NDTMS figures, given in a 2008 parliamentary question, confirmed that 131,468 people in the last year received methadone or buprenorphine. But only about 2% (about 4,000 patients) are referred to rehab, and there are even fewer psychosocial daycare programmes -- which means that 65,000-70,000 patients are unaccounted for. What percentage of the 65,000 are people seeking help forced to wait 12 weeks between an initial appointment and a second one, who are then labelled as being in "12 weeks retention"?  An independent audit could perhaps shed light.

2. WHY HAVE DRUG DEATHS RISEN?

The titles of these reports are self-explanatory: Male drug poisoning deaths highest in five years: Health Statistics Quarterly autumn 2008 published by the Office for National Statistics and Drug-Related Deaths in the UK - Annual Report 2008: Increase in the number of Drug-Related Deaths, published by the International Centre for Drug Policy at St George's University of London.  Widespread prescribing was justified as avoiding such results as are listed in these reports; furthermore, 20% involved methadone.

3. WHY DID THE NTA DENY THE EXISTENCE OF ITS OWN TIER-4 NEEDS ASSESSMENT?
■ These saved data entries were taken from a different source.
lemma cops_win_in_iff_forces_within:
  "cops_win_in E n C R \<longleftrightarrow> forces_within E n {(C, R). R = []} C R"
  by (induction n arbitrary: C R) auto

lemma forces_within_if_mem: "(C, R) \<in> S \<Longrightarrow> forces_within E n S C R"
  by (cases n) auto

lemma forces_within_mono:
  "forces_within E n S C R \<Longrightarrow> n \<le> n' \<Longrightarrow> forces_within E n' S C R"
proof (induction n arbitrary: n' C R)
  case 0
  then show ?case by (simp add: forces_within_if_mem)
next
  case (Suc n)
  then obtain n'' where n': "n' = Suc n''" and "n \<le> n''"
    by (cases n') auto
  show ?case
  proof (cases "(C, R) \<in> S")
    case True
    then show ?thesis by (rule forces_within_if_mem)
  next
    case False
    with Suc.prems(1) obtain C' where "list_all2 E C C'" and
      "\<forall>R'. list_all2 E (uncaptured C' R) R' \<longrightarrow> forces_within E n S C' (uncaptured C' R')"
      by auto
    with Suc.IH \<open>n \<le> n''\<close> show ?thesis
      unfolding n' by (simp only: forces_within.simps) blast
  qed
qed

lemma forces_within_trans:
  assumes "forces_within E a S C R"
    and "\<And>C' R'. (C', R') \<in> S \<Longrightarrow> forces_within E b T C' R'"
  shows "forces_within E (a + b) T C R"
  using assms(1)
proof (induction a arbitrary: C R)
  case 0
  then show ?case using assms(2) by simp
next
  case (Suc a)
  show ?case
  proof (cases "(C, R) \<in> S")
    case True
    then show ?thesis
      using assms(2) forces_within_mono le_add2 by blast
  next
    case False
    with Suc.prems obtain C' where "list_all2 E C C'" and
      "\<forall>R'. list_all2 E (uncaptured C' R) R' \<longrightarrow> forces_within E a S C' (uncaptured C' R')"
      by auto
    with Suc.IH show ?thesis
      by (simp only: forces_within.simps add_Suc) blast
  qed
qed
Addiction Today wrote to the NTA saying that "Another success story we would be happy to feature in an article is: What activities, and with what results, did the NTA undertake to implement the actions and recommendations from its own commissioned piece of work on Tier 4 needs, researched by David Best". We also offered to feature similar research by Ed Day on detoxification provision.  NTA communications director Jon  Hibbs responded about "the mysterious non-existence of any substantive piece of work from either Ed Day or David Best on the subjects you mention. We can't publish what we don't have".

Addiction Today managed to track down the research, which belongs in the public domain:
Download National needs assessment for Tier 4 drug services  (1.07Mb)
Download Tier 4 drug treatment-inpatient provision and needs assessment

4. WHY IS THE NTA DENYING THAT REHABS HAVE CLOSED?
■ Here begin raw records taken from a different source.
lemma path_edges_rev: "path_edges (rev p) = path_edges p"
proof -
  have "path_edges (rev p) \<subseteq> path_edges p" for p :: "nat list"
  proof
    fix ed assume "ed \<in> path_edges (rev p)"
    then obtain i where i: "Suc i < length p" "ed = {rev p ! i, rev p ! Suc i}"
      by (auto simp: path_edges_def)
    define k where "k = length p - 2 - i"
    have "Suc k < length p" "rev p ! i = p ! Suc k" "rev p ! Suc i = p ! k"
      using i(1) by (auto simp: k_def rev_nth Suc_diff_Suc numeral_2_eq_2)
    then show "ed \<in> path_edges p"
      using i(2) by (auto simp: path_edges_def insert_commute)
  qed
  from this this[of "rev p"] show ?thesis by auto
qed

lemma path_edges_mono_sublist:
  assumes "sublist q p"
  shows "path_edges q \<subseteq> path_edges p"
proof
  fix ed assume "ed \<in> path_edges q"
  then obtain k where k: "Suc k < length q" "ed = {q ! k, q ! Suc k}"
    by (auto simp: path_edges_def)
  obtain ps ss where p: "p = ps @ q @ ss" using assms by (auto simp: sublist_def)
  have "p ! (length ps + k) = q ! k" "p ! Suc (length ps + k) = q ! Suc k"
    "Suc (length ps + k) < length p"
    using k(1) p by (auto simp: nth_append)
  then show "ed \<in> path_edges p" using k(2) unfolding path_edges_def by force
qed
Closed About 19 rehabs in the UK closed and others made counsellors redundant. Most depend on the state for clients – but it refers only 2% of drug abusers to drug-free treatment, creating a crisis of empty beds and waiting lists of people desperate to fill them.

This is not an issue of harm reduction / abstinence - it is about bad practice versus good practice.
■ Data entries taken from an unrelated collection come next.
(* Let $r\ge 1$, let $\sigma_1\ge\sigma_2\ge\cdots\ge\sigma_r>0$ be real numbers and $c_1,\ldots,c_r\in\mathbb{C}$, and define the rational function $$\psi(\nu)=\sum_{i=1}^r \frac{|c_i|^2}{(\sigma_i^2+\nu)^2}=\sum_{i=1}^r \frac{|c_i|^2}{(\delta_i-\nu)^2},\qquad \delta_i=-\sigma_i^2,$$ so that $\delta_1\le\cdots\le\delta_r<0$. Assume that the poles of $\psi$ are not all identical, i.e. there exist indices $i,j$ with $c_i\neq 0$, $c_j\neq 0$ and $\delta_i\neq\delta_j$. Let $\nu^{(l)}\ge 0$ and define $$\alpha=\frac{4\big(\psi(\nu^{(l)})\big)^3}{\big(\psi'(\nu^{(l)})\big)^2},\qquad \beta=\nu^{(l)}+\frac{2\psi(\nu^{(l)})}{\psi'(\nu^{(l)})},\qquad F(\nu;\alpha,\beta)=\frac{\alpha}{(\beta-\nu)^2},$$ so that $F(\nu^{(l)};\alpha,\beta)=\psi(\nu^{(l)})$ and $F'(\nu^{(l)};\alpha,\beta)=\psi'(\nu^{(l)})$. Then $F(\nu;\alpha,\beta)<\psi(\nu)$ for all real $\nu>\delta_r$ with $\nu\neq\nu^{(l)}$.
   Context: $\psi'$ denotes the derivative of $\psi$ with respect to the real variable $\nu$. In the paper, $\nu^{(l)}$ is the current iterate of an iterative root-finding method for $\psi(\nu)=1$ on $[0,\infty)$, hence $\nu^{(l)}\ge 0$. *)

theory Defs
  imports "HOL-Analysis.Analysis"
begin

definition psi :: "nat \<Rightarrow> (nat \<Rightarrow> real) \<Rightarrow> (nat \<Rightarrow> complex) \<Rightarrow> real \<Rightarrow> real" where
  "psi r \<sigma> c \<nu> = (\<Sum>i=1..r. (cmod (c i))\<^sup>2 / ((\<sigma> i)\<^sup>2 + \<nu>)\<^sup>2)"

definition F :: "real \<Rightarrow> real \<Rightarrow> real \<Rightarrow> real" where
  "F \<nu> \<alpha> \<beta> = \<alpha> / (\<beta> - \<nu>)\<^sup>2"

end

theory Submission
  imports Defs
begin

text \<open>Put \<open>t\<^sub>i = \<sigma>\<^sub>i\<^sup>2 + \<nu>l\<close>, \<open>d = \<nu> - \<nu>l\<close>, weights \<open>w\<^sub>i = |c\<^sub>i|\<^sup>2 / t\<^sub>i\<^sup>2\<close> and \<open>y\<^sub>i = t\<^sub>i / (t\<^sub>i + d)\<close>.
  Then \<open>\<psi>(\<nu>l) = \<Sum> w\<^sub>i\<close>, \<open>\<psi>'(\<nu>l) = -2 \<Sum> w\<^sub>i / t\<^sub>i\<close> and \<open>\<psi>(\<nu>) = \<Sum> w\<^sub>i y\<^sub>i\<^sup>2\<close>, while the model
  evaluates to \<open>F(\<nu>) = (\<Sum> w\<^sub>i)\<^sup>3 / (\<Sum> w\<^sub>i / y\<^sub>i)\<^sup>2\<close>. Hence \<open>F(\<nu>) < \<psi>(\<nu>)\<close> is the inequality between
  the weighted harmonic and quadratic means of the \<open>y\<^sub>i\<close>. It is strict because two poles with
  nonzero weight differ and \<open>t \<mapsto> t / (t + d)\<close> is injective for \<open>d \<noteq> 0\<close>.\<close>

lemma cube_tangent_identity:
  fixes y l :: real
  assumes "y \<noteq> 0"
  shows "y\<^sup>2 + 2 * l^3 / y - 3 * l\<^sup>2 = (y - l)\<^sup>2 * (y + 2 * l) / y"
  using assms by (simp add: field_simps power2_eq_square power3_eq_cube)

text \<open>With \<open>l\<close> the harmonic mean, the
  difference of the two sides is \<open>\<Sum> w (y\<^sup>2 + 2 l\<^sup>3/y - 3 l\<^sup>2)\<close>, a sum of nonnegative terms.\<close>
lemma weighted_harmonic_mean_less_quadratic_mean:
  fixes w y :: "'a \<Rightarrow> real"
  assumes "finite S"
    and w_nonneg: "\<And>i. i \<in> S \<Longrightarrow> w i \<ge> 0"
    and y_pos: "\<And>i. i \<in> S \<Longrightarrow> y i > 0"
    and "i \<in> S" "j \<in> S" "w i > 0" "w j > 0" "y i \<noteq> y j"
  shows "(\<Sum>k\<in>S. w k)^3 / (\<Sum>k\<in>S. w k / y k)\<^sup>2 < (\<Sum>k\<in>S. w k * (y k)\<^sup>2)"
proof -
  define W where "W = (\<Sum>k\<in>S. w k)"
  define H where "H = (\<Sum>k\<in>S. w k / y k)"
  define l where "l = W / H"
  have "W > 0"
    unfolding W_def using assms by (intro sum_pos2[of _ i]) auto
  moreover have "H > 0"
    unfolding H_def using assms by (intro sum_pos2[of _ i]) (auto intro: divide_nonneg_pos)
  ultimately have "l > 0"
    by (simp add: l_def)
  obtain k where k: "k \<in> S" "w k > 0" "y k \<noteq> l"
    using assms by (cases "y i = l") auto
  have term_nonneg: "w m * ((y m)\<^sup>2 + 2 * l^3 / y m - 3 * l\<^sup>2) \<ge> 0" if "m \<in> S" for m
    using w_nonneg[OF that] y_pos[OF that] \<open>l > 0\<close>
    by (simp add: cube_tangent_identity)
  have "0 < (\<Sum>m\<in>S. w m * ((y m)\<^sup>2 + 2 * l^3 / y m - 3 * l\<^sup>2))"
    using k y_pos[OF k(1)] \<open>l > 0\<close> term_nonneg \<open>finite S\<close>
    by (intro sum_pos2[of _ k]) (auto simp: cube_tangent_identity)
  also have "\<dots> = (\<Sum>m\<in>S. w m * (y m)\<^sup>2) + 2 * l^3 * H - 3 * l\<^sup>2 * W"
    by (simp add: H_def W_def algebra_simps sum.distrib sum_subtractf sum_distrib_left sum_distrib_right)
  also have "\<dots> = (\<Sum>m\<in>S. w m * (y m)\<^sup>2) - W^3 / H\<^sup>2"
    using \<open>H > 0\<close> by (simp add: l_def field_simps power2_eq_square power3_eq_cube)
  finally show ?thesis
    by (simp add: W_def H_def)
qed

lemma F_tangent_model:
  fixes A B \<nu>l \<nu> :: real
  assumes "B \<noteq> 0"
  shows "F \<nu> (A^3 / B\<^sup>2) (\<nu>l - A / B) = A^3 / (A + B * (\<nu> - \<nu>l))\<^sup>2"
proof -
  have "\<nu>l - A / B - \<nu> = - (A + B * (\<nu> - \<nu>l)) / B"
    using assms by (simp add: field_simps)
  then show ?thesis
    using assms by (simp add: F_def field_simps power2_eq_square power3_eq_cube)
qed

lemma psi_has_real_derivative:
  assumes "\<And>i. i \<in> {1..r} \<Longrightarrow> (\<sigma> i)\<^sup>2 + x \<noteq> 0"
  shows "(psi r \<sigma> c has_real_derivative
           -2 * (\<Sum>i=1..r. (cmod (c i))\<^sup>2 / ((\<sigma> i)\<^sup>2 + x)^3)) (at x)"
proof -
  have inverse_square: "((\<lambda>v. k / (s + v)\<^sup>2) has_real_derivative -2 * (k / (s + x)^3)) (at x)"
    if "s + x \<noteq> 0" for k s :: real
    using that by (auto intro!: derivative_eq_intros simp: divide_simps power2_eq_square power3_eq_cube)
  show ?thesis
    unfolding psi_def [abs_def] sum_distrib_left using assms
    by (intro DERIV_sum inverse_square) blast
qed

lemma inverse_square_tangent_model_less:
  fixes a t :: "'a \<Rightarrow> real" and d :: real
  assumes "finite S"
    and "\<And>k. k \<in> S \<Longrightarrow> a k \<ge> 0"
    and t_pos: "\<And>k. k \<in> S \<Longrightarrow> t k > 0"
    and shifted_pos: "\<And>k. k \<in> S \<Longrightarrow> t k + d > 0"
    and "d \<noteq> 0"
    and ij: "i \<in> S" "j \<in> S" "a i > 0" "a j > 0" "t i \<noteq> t j"
  shows "(\<Sum>k\<in>S. a k / (t k)\<^sup>2)^3 / ((\<Sum>k\<in>S. a k / (t k)\<^sup>2) + (\<Sum>k\<in>S. a k / (t k)^3) * d)\<^sup>2
           < (\<Sum>k\<in>S. a k / (t k + d)\<^sup>2)"
proof -
  define w where "w k = a k / (t k)\<^sup>2" for k
  have "w i > 0" "w j > 0"
    using ij t_pos[OF ij(1)] t_pos[OF ij(2)] by (simp_all add: w_def)
  define y where "y k = t k / (t k + d)" for k
  have "y i \<noteq> y j"
  proof
    assume "y i = y j"
    then have "(t i - t j) * d = 0"
      using ij shifted_pos[of i] shifted_pos[of j] by (simp add: y_def field_simps)
    with ij \<open>d \<noteq> 0\<close> show False
      by simp
  qed
  then have "(\<Sum>k\<in>S. w k)^3 / (\<Sum>k\<in>S. w k / y k)\<^sup>2 < (\<Sum>k\<in>S. w k * (y k)\<^sup>2)"
    using assms \<open>w i > 0\<close> \<open>w j > 0\<close>
    by (intro weighted_harmonic_mean_less_quadratic_mean) (auto simp: w_def y_def)
  moreover have term_eqs: "w k / y k = w k + a k / (t k)^3 * d" "w k * (y k)\<^sup>2 = a k / (t k + d)\<^sup>2"
    if "k \<in> S" for k
    using t_pos[OF that] shifted_pos[OF that]
    by (simp_all add: w_def y_def field_simps power2_eq_square power3_eq_cube)
  ultimately show ?thesis
    by (simp add: w_def sum.distrib sum_distrib_right cong: sum.cong_simp)
qed

theorem theorem1:
  fixes r :: nat and \<sigma> :: "nat \<Rightarrow> real" and c :: "nat \<Rightarrow> complex"
    and \<nu>l \<nu> :: real
  assumes r: "r \<ge> 1"
    and mono: "\<And>i j. 1 \<le> i \<Longrightarrow> i \<le> j \<Longrightarrow> j \<le> r \<Longrightarrow> \<sigma> j \<le> \<sigma> i"
    and pos: "\<sigma> r > 0"
    and distinct: "\<exists>i\<in>{1..r}. \<exists>j\<in>{1..r}. c i \<noteq> 0 \<and> c j \<noteq> 0 \<and> - (\<sigma> i)\<^sup>2 \<noteq> - (\<sigma> j)\<^sup>2"
    and nul: "\<nu>l \<ge> 0"
    and \<nu>: "\<nu> > - (\<sigma> r)\<^sup>2" "\<nu> \<noteq> \<nu>l"
  shows "let \<alpha> = 4 * (psi r \<sigma> c \<nu>l)^3 / (deriv (psi r \<sigma> c) \<nu>l)\<^sup>2;
             \<beta> = \<nu>l + 2 * psi r \<sigma> c \<nu>l / deriv (psi r \<sigma> c) \<nu>l
         in F \<nu> \<alpha> \<beta> < psi r \<sigma> c \<nu>"
proof -
  define t where "t i = (\<sigma> i)\<^sup>2 + \<nu>l" for i
  have t_pos: "t i > 0" and shifted_pos: "t i + (\<nu> - \<nu>l) > 0" if "i \<in> {1..r}" for i
  proof -
    have "(\<sigma> r)\<^sup>2 \<le> (\<sigma> i)\<^sup>2"
      using mono[of i r] pos that by (auto intro: power_mono)
    moreover have "(\<sigma> r)\<^sup>2 > 0"
      using pos by simp
    ultimately show "t i > 0" "t i + (\<nu> - \<nu>l) > 0"
      using nul \<nu>(1) unfolding t_def by linarith+
  qed
  define B where "B = (\<Sum>i=1..r. (cmod (c i))\<^sup>2 / (t i)^3)"
  have "deriv (psi r \<sigma> c) \<nu>l = -2 * B"
    unfolding B_def t_def using t_pos
    by (intro DERIV_imp_deriv psi_has_real_derivative) (fastforce simp: t_def)
  moreover obtain i j where ij: "i \<in> {1..r}" "j \<in> {1..r}" "c i \<noteq> 0" "c j \<noteq> 0" "t i \<noteq> t j"
    using distinct by (auto simp: t_def)
  moreover have "B > 0"
    unfolding B_def using ij t_pos by (intro sum_pos2[of _ i]) (auto intro: divide_nonneg_pos)
  ultimately show ?thesis
    using inverse_square_tangent_model_less[of "{1..r}" "\<lambda>i. (cmod (c i))\<^sup>2" t "\<nu> - \<nu>l"]
      t_pos shifted_pos \<nu>(2)
    by (simp add: Let_def psi_def t_def B_def F_tangent_model algebra_simps)
qed

end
The disproportionately low 2% of referrals also signifiies denial of patient choice. According to researcher Dr David Best, a new phenomenon has arisen: people who want to get off drugs are now afraid to approach agencies because they fear substitute drugs will be pushed onto them instead.

In the hope of raising awareness and working together for solutions, Addiction Today started posing questions to the National Treatment Agency for Substance Misuse in October 2008. Disappointingly - given this charity's seven years of unswerving support for the NTA - the NTA instead communicated to organisations in the field that "On Addiction Today,... the magazine/website could not be trusted as an impartial source because it misrepresented the NTA's position on a variety of issues, not least residential rehab... it would be worth checking out the status of AT's claims about closures with the organisations themselves".

Not getting through on telephone or website for the defunct organisations is an answer in itself. The list of closures is on the home page at www.addictiontoday.org.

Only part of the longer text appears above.